New Zealand equestrian

Samantha (Sam) McIntosh is a showjumper and equestrian from New Zealand.

== Life ==
McIntosh is the daughter of two riders, trainers and showjumpers, Penny Stevenson and Colin McIntosh. She was born and grew up in Kaikohe, in the North Island of New Zealand, and began showjumping when she was about 15 years old.

McIntosh moved to Europe when she was 17 years old and worked as a stablehand for Thomas Fuchs, Marcus Mändli and then in Germany with Lüthi Orschel. In 1998 she signed a contract with Orschel which included adopting dual New Zealand-Bulgarian citizenship, and began riding for Bulgaria. McIntosh competed for Bulgaria at the 2000 and 2004 Olympic Games, the World Equestrian Games, the European Championships and the FEI World Cup.

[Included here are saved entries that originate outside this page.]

(* If a graph matroid family $\mathcal{M}$ is bounded, then it has the Lovász-Yemini property.
   Context: All graphs are finite and simple and have no isolated vertices. A graph matroid family $\mathcal{M}$ assigns to every graph $G$ a matroid $\mathcal{M}(G)$ on $E(G)$ such that (i) every graph isomorphism $V(G)\to V(H)$ induces an isomorphism $\mathcal{M}(G)\to\mathcal{M}(H)$, and (ii) for every subgraph $H$ of $G$, $\mathcal{M}(H)$ is the restriction of $\mathcal{M}(G)$ to $E(H)$. $r(G)$ is the rank of $\mathcal{M}(G)$. $\mathcal{M}$ is bounded if $r(K_n)$ is bounded in $n$. $G$ is $\mathcal{M}$-rigid if $r(G)=r(K_{V(G)})$. $\mathcal{M}$ has the Lovász-Yemini property if there is a nonnegative integer $c$ such that every $c$-connected graph is $\mathcal{M}$-rigid. *)

theory Defs
  imports Main
begin

text \<open>A finite simple graph without isolated vertices, with vertices labelled by
natural numbers, is represented by its edge set: a finite set of 2-element sets.
Its vertex set is the union of its edges.\<close>

definition is_graph :: "nat set set \<Rightarrow> bool" where
  "is_graph G \<longleftrightarrow> finite G \<and> (\<forall>e\<in>G. card e = 2)"

definition verts :: "nat set set \<Rightarrow> nat set" where
  "verts G = \<Union>G"

definition matroid :: "'b set \<Rightarrow> ('b set \<Rightarrow> bool) \<Rightarrow> bool" where
  "matroid E indep \<longleftrightarrow> finite E \<and> indep {} \<and>
     (\<forall>I. indep I \<longrightarrow> I \<subseteq> E) \<and>
     (\<forall>I J. indep I \<longrightarrow> J \<subseteq> I \<longrightarrow> indep J) \<and>
     (\<forall>I J. indep I \<longrightarrow> indep J \<longrightarrow> card I < card J \<longrightarrow>
        (\<exists>e\<in>J - I. indep (insert e I)))"

definition mrank :: "('b set \<Rightarrow> bool) \<Rightarrow> 'b set \<Rightarrow> nat" where
  "mrank indep X = Max {card I | I. I \<subseteq> X \<and> indep I}"

definition map_edges :: "(nat \<Rightarrow> nat) \<Rightarrow> nat set set \<Rightarrow> nat set set" where
  "map_edges f I = (\<lambda>e. f ` e) ` I"

text \<open>A graph matroid family: to every graph G a matroid (given by independence)
on E(G), invariant under graph isomorphisms and compatible with restriction to
subgraphs.  (A subgraph of a graph without isolated vertices is determined by its
edge set, which is a subset of E(G).)\<close>

definition graph_matroid_family :: "(nat set set \<Rightarrow> nat set set \<Rightarrow> bool) \<Rightarrow> bool" where
  "graph_matroid_family M \<longleftrightarrow>
     (\<forall>G. is_graph G \<longrightarrow> matroid G (M G)) \<and>
     (\<forall>G f. is_graph G \<longrightarrow> inj_on f (verts G) \<longrightarrow>
        (\<forall>I. I \<subseteq> G \<longrightarrow> (M (map_edges f G) (map_edges f I) \<longleftrightarrow> M G I))) \<and>
     (\<forall>G H. is_graph G \<longrightarrow> H \<subseteq> G \<longrightarrow>
        (\<forall>I. I \<subseteq> H \<longrightarrow> (M H I \<longleftrightarrow> M G I)))"

definition grank :: "(nat set set \<Rightarrow> nat set set \<Rightarrow> bool) \<Rightarrow> nat set set \<Rightarrow> nat" where
  "grank M G = mrank (M G) G"

definition complete_on :: "nat set \<Rightarrow> nat set set" where
  "complete_on V = {{u, v} | u v. u \<in> V \<and> v \<in> V \<and> u \<noteq> v}"

definition K :: "nat \<Rightarrow> nat set set" where
  "K n = complete_on {0..<n}"

definition bounded_family :: "(nat set set \<Rightarrow> nat set set \<Rightarrow> bool) \<Rightarrow> bool" where
  "bounded_family M \<longleftrightarrow> (\<exists>B. \<forall>n. grank M (K n) \<le> B)"

definition rigid :: "(nat set set \<Rightarrow> nat set set \<Rightarrow> bool) \<Rightarrow> nat set set \<Rightarrow> bool" where
  "rigid M G \<longleftrightarrow> grank M G = grank M (complete_on (verts G))"

definition connected_minus :: "nat set set \<Rightarrow> nat set \<Rightarrow> bool" where
  "connected_minus G X \<longleftrightarrow>
     (\<forall>u\<in>verts G - X. \<forall>v\<in>verts G - X.
        (u, v) \<in> {(x, y). {x, y} \<in> G \<and> x \<notin> X \<and> y \<notin> X}\<^sup>*)"

definition k_connected :: "nat \<Rightarrow> nat set set \<Rightarrow> bool" where
  "k_connected k G \<longleftrightarrow> card (verts G) \<ge> k + 1 \<and>
     (\<forall>X. X \<subseteq> verts G \<longrightarrow> card X < k \<longrightarrow> connected_minus G X)"

definition lovasz_yemini :: "(nat set set \<Rightarrow> nat set set \<Rightarrow> bool) \<Rightarrow> bool" where
  "lovasz_yemini M \<longleftrightarrow> (\<exists>c. \<forall>G. is_graph G \<longrightarrow> k_connected c G \<longrightarrow> rigid M G)"

end

theory Submission
  imports Defs
begin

In 2008 McIntosh relinquished Bulgarian citizenship and in 2011 she returned home to New Zealand. She spent three years based in Cambridge and built up her own sports horse stable, ran a team of showjumpers and became involved in coaching. In 2014 she was appointed as an advisor to the board of Equestrian Sport New Zealand, and the following year she returned to Europe, to the stables of Joelle Cairaschi-Dagut in La Teste de Buch, France.

McIntosh competed for New Zealand in the FEI Nations Cup in 2017. In 2018, she was part of the team of four New Zealand riders who won the FEI Nations Cup, the first time a New Zealand team has won it.